II. Work Product Doctrine
Defendants fail to address the contention in EMC's response brief that Defendants have not raised any issues relating to the work-product doctrine with EMC as required by Local Rule 37.2. Indeed, Defendants' assertion that EMC has failed to provide sufficient detail in its privilege log reflects that, as EMC contends, the parties should address the work-product claims as required by Local Rule 37.2 so that they can be "sufficiently crystallized before this Court decides them." (R. 54-1, EMC's Opp'n, p. 52.) This is especially imperative given that the law governing the work product doctrine differs from the law governing attorney-client privilege. See Fischel & Kahn, 189 Ill. 2d at 591 ("The work product doctrine provides a broader protection than the attorney-client privilege and is designed to protect the right of an attorney to thoroughly prepare his case and to preclude a less diligent adversary attorney from taking undue advantage of the former's efforts."); see also Waste Management, 144 Ill. 2d at 189 (the "attorney-client privilege and work product" doctrine are "separate and distinct protections and waiver of one does not serve as waiver of the other").

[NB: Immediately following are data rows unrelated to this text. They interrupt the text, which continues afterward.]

(* Let $r_1,\dots,r_n$ be establishment records with nonnegative confidential attributes $A_1,\dots,A_m$, let $\psi$ be a neighbor function with distance parameters $\sigma_1,\dots,\sigma_m>0$, and let $\mu_1,\dots,\mu_m>0$. For $j=1,\dots,n$ and $i=1,\dots,m$ define the noisy values $o_{j,i}=\psi(r_j[A_i])+Z_{j,i}$ where the $Z_{j,i}\sim N(0,\sigma_i^2/\mu_i^2)$ are independent. Let $\beta\in(0,1)$, define $\tau=\Phi^{-1}\big((1-\beta)^{1/(mn)}\big)$, and define $u_{j,i}=\psi^{-1}\big(o_{j,i}+\sigma_i\tau/\mu_i\big)$. Then with probability $1-\beta$ the inequalities $r_j[A_i]\leq u_{j,i}$ hold simultaneously for all $j$ and $i$.
   Context: $\Phi$ denotes the standard normal CDF. A neighbor function is a function $\psi:\mathbb{R}_{\geq 0}\to\mathbb{R}$ that is strictly increasing, continuous, concave, and such that $x\mapsto\psi(e^{x})$ is convex; $\psi^{-1}$ denotes its inverse. $r_j[A_i]\geq 0$ denotes the value of confidential attribute $A_i$ in record $r_j$. *)

theory Defs
  imports "HOL-Probability.Probability"
begin

definition std_normal_cdf :: "real \<Rightarrow> real" where
  "std_normal_cdf x = measure (density lborel std_normal_density) {..x}"

definition std_normal_cdf_inv :: "real \<Rightarrow> real" where
  "std_normal_cdf_inv p = inv std_normal_cdf p"

definition neighbor_function :: "(real \<Rightarrow> real) \<Rightarrow> bool" where
  "neighbor_function \<psi> \<longleftrightarrow>
     strict_mono_on {0..} \<psi> \<and> continuous_on {0..} \<psi> \<and> concave_on {0..} \<psi> \<and>
     convex_on UNIV (\<lambda>x. \<psi> (exp x))"

definition nf_inv :: "(real \<Rightarrow> real) \<Rightarrow> real \<Rightarrow> real" where
  "nf_inv \<psi> y = the_inv_into {0..} \<psi> y"

end

theory Submission
  imports Defs
begin

text \<open>Each noise term satisfies \<open>Z\<^sub>j\<^sub>,\<^sub>i \<ge> -\<sigma>\<^sub>i\<tau>/\<mu>\<^sub>i\<close> with probability
  \<open>\<Phi>(\<tau>) = (1 - \<beta>)\<^bsup>1/(mn)\<^esup>\<close>, so by independence all \<open>mn\<close> of these events occur
  together with probability \<open>1 - \<beta>\<close>. On that event \<open>o\<^sub>j\<^sub>,\<^sub>i + \<sigma>\<^sub>i\<tau>/\<mu>\<^sub>i \<ge> \<psi>(r\<^sub>j[A\<^sub>i])\<close>,
  and applying the increasing map \<open>\<psi>\<^sup>-\<^sup>1\<close> gives \<open>r\<^sub>j[A\<^sub>i] \<le> u\<^sub>j\<^sub>,\<^sub>i\<close>. That \<open>\<psi>\<^sup>-\<^sup>1\<close> is
  defined on all of \<open>[\<psi>(0), \<infinity>)\<close> comes from the convexity of \<open>\<psi> \<circ> exp\<close>, which makes
  \<open>\<psi>\<close> unbounded.\<close>

lemma isCont_cdf_density_lborel:
  assumes "real_distribution (density lborel f)" and "f \<in> borel_measurable lborel"
  shows "isCont (cdf (density lborel f)) x"
proof -
  interpret real_distribution "density lborel f" by fact
  have "emeasure (density lborel f) {x} = 0"
    using assms(2) by (simp add: emeasure_density nn_integral_null_set)
  then show ?thesis by (simp add: isCont_cdf measure_def)
qed

lemma (in real_distribution) cdf_attains_value:
  assumes cont: "\<And>x. isCont (cdf M) x" and p: "0 < p" "p < 1"
  shows "\<exists>x. cdf M x = p"
proof -
  have "eventually (\<lambda>x. cdf M x < p) at_bot"
    using cdf_lim_at_bot p(1) by (rule order_tendstoD)
  then obtain a where a: "cdf M a < p" by (auto simp: eventually_at_bot_linorder)
  have "eventually (\<lambda>x. p < cdf M x) at_top"
    using cdf_lim_at_top_prob p(2) by (rule order_tendstoD)
  then obtain N where N: "\<And>x. N \<le> x \<Longrightarrow> p < cdf M x"
    by (auto simp: eventually_at_top_linorder)
  have "\<exists>x. a \<le> x \<and> x \<le> max a N \<and> cdf M x = p"
    using a N[of "max a N"] cont by (intro IVT') (auto intro: continuous_at_imp_continuous_on)
  then show ?thesis by blast
qed

lemma std_normal_cdf_std_normal_cdf_inv:
  assumes "0 < p" "p < 1"
  shows "std_normal_cdf (std_normal_cdf_inv p) = p"
proof -
  let ?N = "density lborel std_normal_density"
  have N: "real_distribution ?N"
    by (simp add: real_distribution_def real_distribution_axioms_def prob_space_normal_density)
  have \<Phi>: "std_normal_cdf = cdf ?N"
    by (simp add: fun_eq_iff cdf_def std_normal_cdf_def)
  have "p \<in> range std_normal_cdf"
    using real_distribution.cdf_attains_value[OF N isCont_cdf_density_lborel[OF N] assms]
    by (auto simp: \<Phi>)
  then show ?thesis unfolding std_normal_cdf_inv_def by (rule f_inv_into_f)
qed

text \<open>For \<open>k = 0\<close> the root is \<open>q powr 0 = 1\<close>, whose quantile is a junk value; the power
  is then \<open>1\<close>, which is why the statement is an inequality.\<close>
lemma le_std_normal_cdf_quantile_root_power:
  assumes "0 < q" "q < 1"
  shows "q \<le> std_normal_cdf (std_normal_cdf_inv (q powr (1 / real k))) ^ k"
proof (cases "k = 0")
  case False
  define p where "p = q powr (1 / real k)"
  have "0 < p" "p < 1"
    using assms False powr_less_mono2[of "1 / real k" q 1] by (auto simp: p_def)
  moreover have "p ^ k = q"
    using assms False by (simp add: p_def powr_realpow[symmetric] powr_powr)
  ultimately show ?thesis
    by (simp add: p_def[symmetric] std_normal_cdf_std_normal_cdf_inv)
qed (use assms in simp)

lemma (in prob_space) prob_normal_ge:
  assumes Z: "distributed M lborel Z (normal_density \<mu> s)" and s: "0 < s"
  shows "prob {\<omega>\<in>space M. \<mu> - s * t \<le> Z \<omega>} = std_normal_cdf t"
proof -
  let ?Y = "\<lambda>\<omega>. (\<mu> - Z \<omega>) / s"
  have "distributed M lborel (\<lambda>\<omega>. \<mu> / s + (-1 / s) * Z \<omega>)
      (normal_density (\<mu> / s + (-1 / s) * \<mu>) (\<bar>-1 / s\<bar> * s))"
    using s by (intro normal_density_affine[OF Z]) auto
  then have Y: "distributed M lborel ?Y std_normal_density"
    using s by (simp add: diff_divide_distrib)
  have "prob (?Y -` {..t} \<inter> space M) = measure (distr M lborel ?Y) {..t}"
    using distributed_measurable[OF Y] by (simp add: measure_distr)
  also have "\<dots> = std_normal_cdf t"
    unfolding distributed_distr_eq_density[OF Y] std_normal_cdf_def ..
  also have "?Y -` {..t} \<inter> space M = {\<omega>\<in>space M. \<mu> - s * t \<le> Z \<omega>}"
    using s by (auto simp: field_simps)
  finally show ?thesis .
qed

lemma (in prob_space) prob_indep_normal_all_ge:
  assumes indep: "indep_vars (\<lambda>_. borel) Z I" and I: "finite I"
    and distr: "\<And>k. k \<in> I \<Longrightarrow> distributed M lborel (Z k) (normal_density 0 (s k))"
    and s: "\<And>k. k \<in> I \<Longrightarrow> 0 < s k"
  shows "prob {\<omega>\<in>space M. \<forall>k\<in>I. - (s k * t) \<le> Z k \<omega>} = std_normal_cdf t ^ card I"
proof (cases "I = {}")
  case False
  let ?A = "\<lambda>k. {- (s k * t)..}"
  have "{\<omega>\<in>space M. \<forall>k\<in>I. - (s k * t) \<le> Z k \<omega>} = (\<Inter>k\<in>I. Z k -` ?A k \<inter> space M)"
    using False by auto
  also have "prob \<dots> = (\<Prod>k\<in>I. prob (Z k -` ?A k \<inter> space M))"
    using indep False I by (rule indep_varsD_finite) simp
  also have "\<dots> = (\<Prod>k\<in>I. std_normal_cdf t)"
  proof (rule prod.cong)
    fix k assume "k \<in> I"
    then show "prob (Z k -` ?A k \<inter> space M) = std_normal_cdf t"
      using prob_normal_ge[OF distr s, of k t] by (simp add: vimage_def Int_def conj_commute)
  qed simp
  finally show ?thesis by simp
qed (simp add: prob_space)

lemma neighbor_function_surj:
  assumes nf: "neighbor_function \<psi>" and y: "\<psi> 0 \<le> y"
  shows "\<exists>x\<ge>0. \<psi> x = y"
proof -
  have sm: "strict_mono_on {0..} \<psi>" and ct: "continuous_on {0..} \<psi>"
    and cv: "convex_on UNIV (\<lambda>x. \<psi> (exp x))"
    using nf by (auto simp: neighbor_function_def)
  define a where "a = \<psi> (exp 0)"
  define b where "b = \<psi> (exp 1)"
  have ab: "a < b" unfolding a_def b_def
    by (rule strict_mono_onD[OF sm]) auto
  text \<open>The chord of the convex map \<open>\<psi> \<circ> exp\<close> through \<open>0\<close> and \<open>1\<close> bounds it from below
    beyond \<open>1\<close>, so \<open>\<psi>\<close> grows at least logarithmically.\<close>
  have chord: "a + t * (b - a) \<le> \<psi> (exp t)" if t: "1 \<le> t" for t :: real
  proof -
    have "\<psi> (exp ((1 - 1/t) *\<^sub>R 0 + (1/t) *\<^sub>R t)) \<le> (1 - 1/t) * \<psi> (exp 0) + (1/t) * \<psi> (exp t)"
      by (rule convex_onD[OF cv]) (use t in auto)
    also have "(1 - 1/t) *\<^sub>R 0 + (1/t) *\<^sub>R t = (1::real)"
      using t by simp
    finally have "b \<le> (1 - 1/t) * a + (1/t) * \<psi> (exp t)"
      unfolding a_def b_def .
    then show ?thesis
      using t by (simp add: field_simps)
  qed
  define t where "t = max 1 ((y - a) / (b - a))"
  have "(y - a) / (b - a) \<le> t"
    by (simp add: t_def)
  then have "y - a \<le> t * (b - a)"
    using ab by (simp add: pos_divide_le_eq)
  with chord[of t] have "y \<le> \<psi> (exp t)"
    by (simp add: t_def)
  then have "\<exists>x. 0 \<le> x \<and> x \<le> exp t \<and> \<psi> x = y"
    using y ct by (intro IVT') (auto intro: continuous_on_subset)
  then show ?thesis by auto
qed

lemma
  assumes nf: "neighbor_function \<psi>" and y: "\<psi> 0 \<le> y"
  shows nf_inv_nonneg: "0 \<le> nf_inv \<psi> y"
    and neighbor_function_nf_inv: "\<psi> (nf_inv \<psi> y) = y"
proof -
  obtain x where x: "0 \<le> x" "\<psi> x = y"
    using neighbor_function_surj[OF assms] by blast
  have "inj_on \<psi> {0..}"
    using nf by (auto simp: neighbor_function_def intro: strict_mono_on_imp_inj_on)
  with x have "nf_inv \<psi> y = x"
    unfolding nf_inv_def by (auto intro: the_inv_into_f_eq)
  with x show "0 \<le> nf_inv \<psi> y" "\<psi> (nf_inv \<psi> y) = y" by auto
qed

lemma le_nf_inv_iff:
  assumes nf: "neighbor_function \<psi>" and r: "0 \<le> r" and y: "\<psi> 0 \<le> y"
  shows "r \<le> nf_inv \<psi> y \<longleftrightarrow> \<psi> r \<le> y"
proof -
  have "strict_mono_on {0..} \<psi>"
    using nf by (simp add: neighbor_function_def)
  then have "r \<le> nf_inv \<psi> y \<longleftrightarrow> \<psi> r \<le> \<psi> (nf_inv \<psi> y)"
    using r nf_inv_nonneg[OF nf y] by (simp add: strict_mono_on_less_eq)
  then show ?thesis
    by (simp add: neighbor_function_nf_inv[OF nf y])
qed

lemma le_nf_inv_add:
  assumes nf: "neighbor_function \<psi>" and r: "0 \<le> r" and z: "0 \<le> z"
  shows "r \<le> nf_inv \<psi> (\<psi> r + z)"
proof -
  have "\<psi> 0 \<le> \<psi> r"
    using nf r by (auto simp: neighbor_function_def intro: strict_mono_on_leD)
  then show ?thesis
    using z by (simp add: le_nf_inv_iff[OF nf r])
qed

lemma borel_measurable_nf_inv:
  assumes nf: "neighbor_function \<psi>"
  shows "nf_inv \<psi> \<in> borel_measurable borel"
proof -
  have "nf_inv \<psi> y = (THE x. False)" if "y < \<psi> 0" for y
  proof -
    have "\<psi> 0 \<le> \<psi> x" if "0 \<le> x" for x
      using nf that by (auto simp: neighbor_function_def intro: strict_mono_on_leD)
    with \<open>y < \<psi> 0\<close> show ?thesis
      by (force simp: nf_inv_def the_inv_into_def intro: arg_cong[where f = The])
  qed
  then have below: "mono_on {..<\<psi> 0} (nf_inv \<psi>)"
    by (auto intro: mono_onI)
  have above: "mono_on {\<psi> 0..} (nf_inv \<psi>)"
  proof (rule mono_onI)
    fix y y' assume "y \<in> {\<psi> 0..}" "y' \<in> {\<psi> 0..}" "y \<le> y'"
    then show "nf_inv \<psi> y \<le> nf_inv \<psi> y'"
      using le_nf_inv_iff[OF nf nf_inv_nonneg[OF nf]] neighbor_function_nf_inv[OF nf] by simp
  qed
  show ?thesis
    by (rule borel_measurable_piecewise_mono[of "{{..<\<psi> 0}, {\<psi> 0..}}"])
      (use below above in auto)
qed

lemma (in prob_space) prob_all_ge_le_prob_all_le_nf_inv_add:
  assumes nf: "neighbor_function \<psi>" and I: "finite I"
    and r: "\<And>k. k \<in> I \<Longrightarrow> 0 \<le> r k"
    and Z: "\<And>k. k \<in> I \<Longrightarrow> Z k \<in> borel_measurable M"
  shows "prob {\<omega>\<in>space M. \<forall>k\<in>I. - c k \<le> Z k \<omega>}
    \<le> prob {\<omega>\<in>space M. \<forall>k\<in>I. r k \<le> nf_inv \<psi> (\<psi> (r k) + Z k \<omega> + c k)}"
proof (rule finite_measure_mono)
  have "r k \<le> nf_inv \<psi> (\<psi> (r k) + (Z k \<omega> + c k))" if "k \<in> I" "- c k \<le> Z k \<omega>" for k \<omega>
    using that by (intro le_nf_inv_add[OF nf r]) auto
  then show "{\<omega>\<in>space M. \<forall>k\<in>I. - c k \<le> Z k \<omega>}
    \<subseteq> {\<omega>\<in>space M. \<forall>k\<in>I. r k \<le> nf_inv \<psi> (\<psi> (r k) + Z k \<omega> + c k)}"
    by (auto simp: add.assoc)
  have [measurable]: "nf_inv \<psi> \<in> borel_measurable borel"
    using nf by (rule borel_measurable_nf_inv)
  show "{\<omega>\<in>space M. \<forall>k\<in>I. r k \<le> nf_inv \<psi> (\<psi> (r k) + Z k \<omega> + c k)} \<in> events"
    using I Z by (intro sets.sets_Collect_finite_All) auto
qed

theorem theorem6p7:
  fixes M :: "'a measure"
    and n m :: nat
    and r :: "nat \<Rightarrow> nat \<Rightarrow> real"
    and \<psi> :: "real \<Rightarrow> real"
    and \<sigma> \<mu> :: "nat \<Rightarrow> real"
    and Z :: "nat \<Rightarrow> nat \<Rightarrow> 'a \<Rightarrow> real"
    and \<beta> :: real
  assumes "prob_space M"
    and r_nonneg: "\<And>j i. j \<in> {1..n} \<Longrightarrow> i \<in> {1..m} \<Longrightarrow> 0 \<le> r j i"
    and "neighbor_function \<psi>"
    and \<sigma>_pos: "\<And>i. i \<in> {1..m} \<Longrightarrow> 0 < \<sigma> i"
    and \<mu>_pos: "\<And>i. i \<in> {1..m} \<Longrightarrow> 0 < \<mu> i"
    and Z_distr: "\<And>j i. j \<in> {1..n} \<Longrightarrow> i \<in> {1..m} \<Longrightarrow>
         distributed M lborel (Z j i) (normal_density 0 (\<sigma> i / \<mu> i))"
    and Z_indep: "prob_space.indep_vars M (\<lambda>_. borel) (\<lambda>(j, i). Z j i) ({1..n} \<times> {1..m})"
    and "0 < \<beta>" and "\<beta> < 1"
  shows "let \<tau> = std_normal_cdf_inv ((1 - \<beta>) powr (1 / real (m * n)));
             ob = (\<lambda>j i \<omega>. \<psi> (r j i) + Z j i \<omega>);
             u = (\<lambda>j i \<omega>. nf_inv \<psi> (ob j i \<omega> + \<sigma> i * \<tau> / \<mu> i))
         in measure M {\<omega> \<in> space M. \<forall>j\<in>{1..n}. \<forall>i\<in>{1..m}. r j i \<le> u j i \<omega>} \<ge> 1 - \<beta>"
proof -
  interpret prob_space M by fact
  define \<tau> where "\<tau> = std_normal_cdf_inv ((1 - \<beta>) powr (1 / real (m * n)))"
  let ?I = "{1..n} \<times> {1..m}"
  let ?r = "\<lambda>(j, i). r j i" and ?Z = "\<lambda>(j, i). Z j i" and ?s = "\<lambda>(j, i). \<sigma> i / \<mu> i"
  have "1 - \<beta> \<le> std_normal_cdf \<tau> ^ (m * n)"
    unfolding \<tau>_def using \<open>0 < \<beta>\<close> \<open>\<beta> < 1\<close> by (intro le_std_normal_cdf_quantile_root_power) auto
  also have "\<dots> = std_normal_cdf \<tau> ^ card ?I"
    by (simp add: card_cartesian_product mult.commute)
  also have "\<dots> = prob {\<omega>\<in>space M. \<forall>k\<in>?I. - (?s k * \<tau>) \<le> ?Z k \<omega>}"
    using Z_distr \<sigma>_pos \<mu>_pos by (intro prob_indep_normal_all_ge[OF Z_indep, symmetric]) auto
  also have "\<dots> \<le> prob {\<omega>\<in>space M. \<forall>k\<in>?I. ?r k \<le> nf_inv \<psi> (\<psi> (?r k) + ?Z k \<omega> + ?s k * \<tau>)}"
    using r_nonneg distributed_measurable[OF Z_distr]
    by (intro prob_all_ge_le_prob_all_le_nf_inv_add \<open>neighbor_function \<psi>\<close>) auto
  finally show ?thesis
    unfolding Let_def \<tau>_def by simp
qed

end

For the foregoing reasons, the Court grants in part and denies in part Defendants' motion to compel. EMC is required to disclose the following communications to Defendants by July 27, 2010:
* Communications from Mr. Olsen to Defendants, if any, regarding whether Mr. Olsen reviewed the lease referenced in Count I of the amended complaint and rendered any advice to Defendants regarding the terms of the lease;
* Communications from Mr. Olsen to Defendants, if any, regarding who would repay the note issued to French Hospital referenced in Count II of the complaint;
* Communications from counsel to Defendants, if any, regarding the impact of Illinois charitable trust law on the approval of the $10 million loan to French Hospital referenced in Count II of the amended complaint;
* Communications from counsel to Defendants, if any, regarding whether their decision to write down the French Hospital loan referenced in Count III of the amended complaint was consistent with the board's fiduciary duties and/or Illinois charitable trust law; and
* Communications from counsel to Defendants, if any, regarding whether the $3 million gift to Permian referenced in Count III of the amended complaint was in compliance with Illinois charitable law.
The Court further orders EMC to provide an updated privilege log to Defendants by July 27, 2010 as it relates to Mr. Baudino's advice referenced in Count IV of the amended complaint if EMC determines that it has omitted any relevant communications from the privilege log.